Computer Made From DNA And Enzymes

develop writes "Some folks from Israel have created a computer that runs on DNA and enzymes and is supposedly 100,000 times faster then today's PCs. Information at National Geographic, Telegraph UK and United Press." According to the National Geographic story, this DNA-based computer "can perform 330 trillion operations per second, more than 100,000 times the speed of the fastest PC." However, be aware that most of this is still future tense, and what these researchers have now is just a proof-of-concept.

330 trillion calculations per second?

[martyn+s]

330 trillion calculations per second? Impressive, but can it run Doom 3?

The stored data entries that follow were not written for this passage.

lemma hess_yy_invertible: "invertible (H w)"
proof -
  have "inj ((*v) (H w))"
  proof (rule injI)
    fix a b assume "H w *v a = H w *v b"
    then have "H w *v (a - b) = 0" by (simp add: matrix_vector_mult_diff_distrib)
    then have "\<mu> * (norm (a - b))\<^sup>2 \<le> 0" using hess_yy_pd by (metis inner_zero_right)
    then show "a = b" using mu_pos by (simp add: mult_le_0_iff)
  qed
  then show ?thesis using matrix_left_invertible_injective invertible_left_inverse by blast
qed

lemma hess_yy_inv: "H w ** Hi w = mat 1" "Hi w ** H w = mat 1"
proof -
  have "\<exists>A'. H w ** A' = mat 1 \<and> A' ** H w = mat 1"
    using hess_yy_invertible unfolding invertible_def .
  then show "H w ** Hi w = mat 1" "Hi w ** H w = mat 1"
    unfolding matrix_inv_def by (metis (mono_tags, lifting) someI_ex)+
qed

lemma hess_yy_inv_cancel [simp]: "H w *v (Hi w *v v) = v" "Hi w *v (H w *v v) = v"
  by (simp_all add: matrix_vector_mul_assoc hess_yy_inv)

lemma hess_yy_inv_transpose: "transpose (Hi w) = Hi w"
proof -
  have "transpose (Hi w) ** H w = mat 1"
    using matrix_transpose_mul[of "H w" "Hi w"] by (simp add: hess_yy_inv hess_yy_transpose)
  then have "transpose (Hi w) = transpose (Hi w) ** (H w ** Hi w)" by (simp add: hess_yy_inv)
  also have "\<dots> = Hi w" using \<open>transpose (Hi w) ** H w = mat 1\<close> by (simp add: matrix_mul_assoc)
  finally show ?thesis .
qed

lemma norm_hess_yy_inv_le: "norm (Hi w *v v) \<le> norm v / \<mu>"
proof -
  define u where "u = Hi w *v v"
  have "\<mu> * (norm u)\<^sup>2 \<le> u \<bullet> v"
    using hess_yy_pd[where z=w and v=u] unfolding u_def by simp
  also have "\<dots> \<le> norm u * norm v" by (rule norm_cauchy_schwarz)
  finally have "(\<mu> * norm u) * norm u \<le> norm v * norm u" by (simp add: power2_eq_square mult_ac)
  then have "\<mu> * norm u \<le> norm v"
    by (cases "norm u = 0") (auto simp: mult_le_cancel_right)
  then show ?thesis unfolding u_def using mu_pos by (simp add: field_simps)
qed

lemma isCont_hess_yy_inv: "isCont Hi z"
  unfolding isCont_def
proof (rule vec_tendstoI, rule vec_tendstoI)
  fix i k
  define u where "u = Hi z *v axis k 1"
  have "((\<lambda>w. Hi w $ i $ k - Hi z $ i $ k) \<longlongrightarrow> 0) (at z)"
  proof (rule Lim_null_comparison)
    show "eventually (\<lambda>w. norm (Hi w $ i $ k - Hi z $ i $ k) \<le> norm ((H z - H w) *v u) / \<mu>) (at z)"
    proof (rule always_eventually, rule allI)
      fix w
      have "Hi w $ i $ k - Hi z $ i $ k = (Hi w *v ((H z - H w) *v u)) $ i"
        by (simp add: u_def matrix_vector_mult_diff_rdistrib matrix_vector_mult_diff_distrib
            matrix_vector_mult_axis_nth)
      then have "norm (Hi w $ i $ k - Hi z $ i $ k) \<le> norm (Hi w *v ((H z - H w) *v u))"
        using component_le_norm_cart by simp
      also have "\<dots> \<le> norm ((H z - H w) *v u) / \<mu>" by (rule norm_hess_yy_inv_le)
      finally show "norm (Hi w $ i $ k - Hi z $ i $ k) \<le> norm ((H z - H w) *v u) / \<mu>" .
    qed
    have "((\<lambda>w. (H z - H w) *v u) \<longlongrightarrow> (H z - H z) *v u) (at z)"
      by (intro tendsto_matrix_vector_mult tendsto_intros isCont_hess_yy[unfolded isCont_def])
    then show "((\<lambda>w. norm ((H z - H w) *v u) / \<mu>) \<longlongrightarrow> 0) (at z)"
      using tendsto_divide_zero tendsto_norm by fastforce
  qed
  then show "((\<lambda>w. Hi w $ i $ k) \<longlongrightarrow> Hi z $ i $ k) (at z)" using Lim_null by blast
qed

lemma hess_yy_deriv_sym: "D w e $ i $ j = D w e $ j $ i"
proof -
  have "((\<lambda>s. (H (w + s *\<^sub>R e) $ i $ j - H w $ i $ j) / s) \<longlongrightarrow> D w e $ i $ j) (at 0)"
    by (rule tendsto_dir_quot_real[OF has_derivative_hess_yy_nth])
  moreover have "((\<lambda>s. (H (w + s *\<^sub>R e) $ i $ j - H w $ i $ j) / s) \<longlongrightarrow> D w e $ j $ i) (at 0)"
    using tendsto_dir_quot_real[OF has_derivative_hess_yy_nth[of j i w], of e] by (simp add: hess_yy_sym[of _ j i])
  ultimately show ?thesis using tendsto_unique[OF at_neq_bot] by blast
qed

lemma hess_yy_deriv_swap: "D z (0, axis l 1) $ j $ i = D z (0, axis j 1) $ l $ i"
proof -
  have "((\<lambda>t. (grad_y_nth_deriv (z + t *\<^sub>R (0, axis j 1)) i (0, axis l 1) - grad_y_nth_deriv z i (0, axis l 1)) / t)
      \<longlongrightarrow> D z (0, axis l 1) $ j $ i) (at 0)"
  proof (rule schwarz_dir_quot[where \<phi>="\<lambda>w. G w $ i" and Db="\<lambda>w e. D w e $ j $ i"])
    show "((\<lambda>w. G w $ i) has_derivative grad_y_nth_deriv u i) (at u)" for u
      by (rule has_derivative_grad_y_nth)
    show "((\<lambda>u. grad_y_nth_deriv u i (0, axis j 1)) has_derivative (\<lambda>e. D u e $ j $ i)) (at u)" for u
      unfolding grad_y_nth_deriv_axis by (rule has_derivative_hess_yy_nth)
    show "isCont (\<lambda>w. D w (0, axis l 1) $ j $ i) z"
      by (intro isCont_vec_nth isCont_hess_yy_deriv_apply)
  qed
  moreover have "((\<lambda>t. (H (z + t *\<^sub>R (0, axis j 1)) $ l $ i - H z $ l $ i) / t) \<longlongrightarrow> D z (0, axis j 1) $ l $ i) (at 0)"
    by (rule tendsto_dir_quot_real[OF has_derivative_hess_yy_nth])
  ultimately show ?thesis
    using tendsto_unique[OF at_neq_bot] by (simp add: grad_y_nth_deriv_axis)
qed

lemma ddir_y_hess_yy: "ddir_y H z W = D z (0, W)"
  unfolding ddir_y_def
proof (rule tendsto_Lim[OF at_neq_bot])
  show "((\<lambda>t. (1 / t) *\<^sub>R (H (fst z, snd z + t *\<^sub>R W) - H z)) \<longlongrightarrow> D z (0, W)) (at 0)"
    using tendsto_dir_quot[OF hess_yy_deriv, of z "(0, W)"] by (cases z) simp
qed

lemma ddir_y_hess_xy: "ddir_y X z W = (\<chi> k i. \<Sum>j\<in>UNIV. W $ j * D z (axis k 1, 0) $ j $ i)"
  unfolding ddir_y_def
proof (rule tendsto_Lim[OF at_neq_bot], rule vec_tendstoI, rule vec_tendstoI)
  fix k i
  have "((\<lambda>t. (grad_y_nth_deriv (z + t *\<^sub>R (0, W)) i (axis k 1, 0) - grad_y_nth_deriv z i (axis k 1, 0)) / t)
      \<longlongrightarrow> (\<Sum>j\<in>UNIV. W $ j * D z (axis k 1, 0) $ j $ i)) (at 0)"
  proof (rule schwarz_dir_quot[where \<phi>="\<lambda>w. G w $ i" and Db="\<lambda>w e. \<Sum>j\<in>UNIV. W $ j * D w e $ j $ i"])
    show "((\<lambda>w. G w $ i) has_derivative grad_y_nth_deriv u i) (at u)" for u
      by (rule has_derivative_grad_y_nth)
    show "((\<lambda>u. grad_y_nth_deriv u i (0, W)) has_derivative (\<lambda>e. \<Sum>j\<in>UNIV. W $ j * D u e $ j $ i)) (at u)" for u
      unfolding grad_y_nth_deriv_snd by (intro has_derivative_sum has_derivative_mult_right has_derivative_hess_yy_nth)
    show "isCont (\<lambda>w. \<Sum>j\<in>UNIV. W $ j * D w (axis k 1, 0) $ j $ i) z"
      by (intro continuous_intros isCont_vec_nth isCont_hess_yy_deriv_apply)
  qed
  then show "((\<lambda>t. ((1 / t) *\<^sub>R (X (fst z, snd z + t *\<^sub>R W) - X z)) $ k $ i)
      \<longlongrightarrow> (\<chi> k i. \<Sum>j\<in>UNIV. W $ j * D z (axis k 1, 0) $ j $ i) $ k $ i) (at 0)"
    by (cases z) (simp add: grad_y_nth_deriv_axis)
qed


lemma isCont_grad_y_deriv: "isCont (\<lambda>w. grad_y_deriv w d) z"
  unfolding isCont_def grad_y_deriv_def
  by (intro tendsto_intros tendsto_vector_matrix_mult isCont_hess_xy[unfolded isCont_def]
      isCont_hess_yy[unfolded isCont_def])

lemma tendsto_diff_quot_grad_y: "(diff_quot G d \<longlongrightarrow> grad_y_deriv z d) (clarke_filter z)"
  by (rule tendsto_diff_quot_of_isCont_derivative[OF has_derivative_grad_y isCont_grad_y_deriv])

Re:330 trillion calculations per second?

[MulluskO]

...but can it run Doom 3?

If so, inject it into my brain now, please.

Re:330 trillion calculations per second?

[davebarz]

Yeah, but only at 47976 fps, if you can even call that playing.

Prior Art

[worst_name_ever]

Earlier today I hawked up a loogie in the parking lot. While at the moment it is only a puddle of goo, or "proof of concept", I predict that this collection of DNA and enzymes will someday be capable of performing over 330 trillion operations per second, more than 100,000 times the speed of the fastest PC!

Imagine

Imagine a beowulf cluster of those machines...wait a minute, I am one!

Re:Imagine

[MBCook]

And that's the only joke you could think of? I think it's time for an upgrade my friend.

A step on another path.

[MulluskO]

Could this be a stepping-stone to one day being able to create simple life forms from scratch?

Additionally, if a DNA computer gets a virus, could it spread to humans?

FOM

I hear Feed Only Memory is the future of storage.

My hamster died

[Kaeru+the+Frog]

I don't think I'd be responsible enough to remember to feed my computer.

Re:My hamster died

[zero-g]

So... would overclocking involve caffeine?

Ahem...

[psyconaut]

It may perform 330 trillion operations per second, but it has NO PRACTICAL APPLICATIONS for that computing power. (Read the stories).

Granted that it's interesting....but it's not much further along than quantum computing.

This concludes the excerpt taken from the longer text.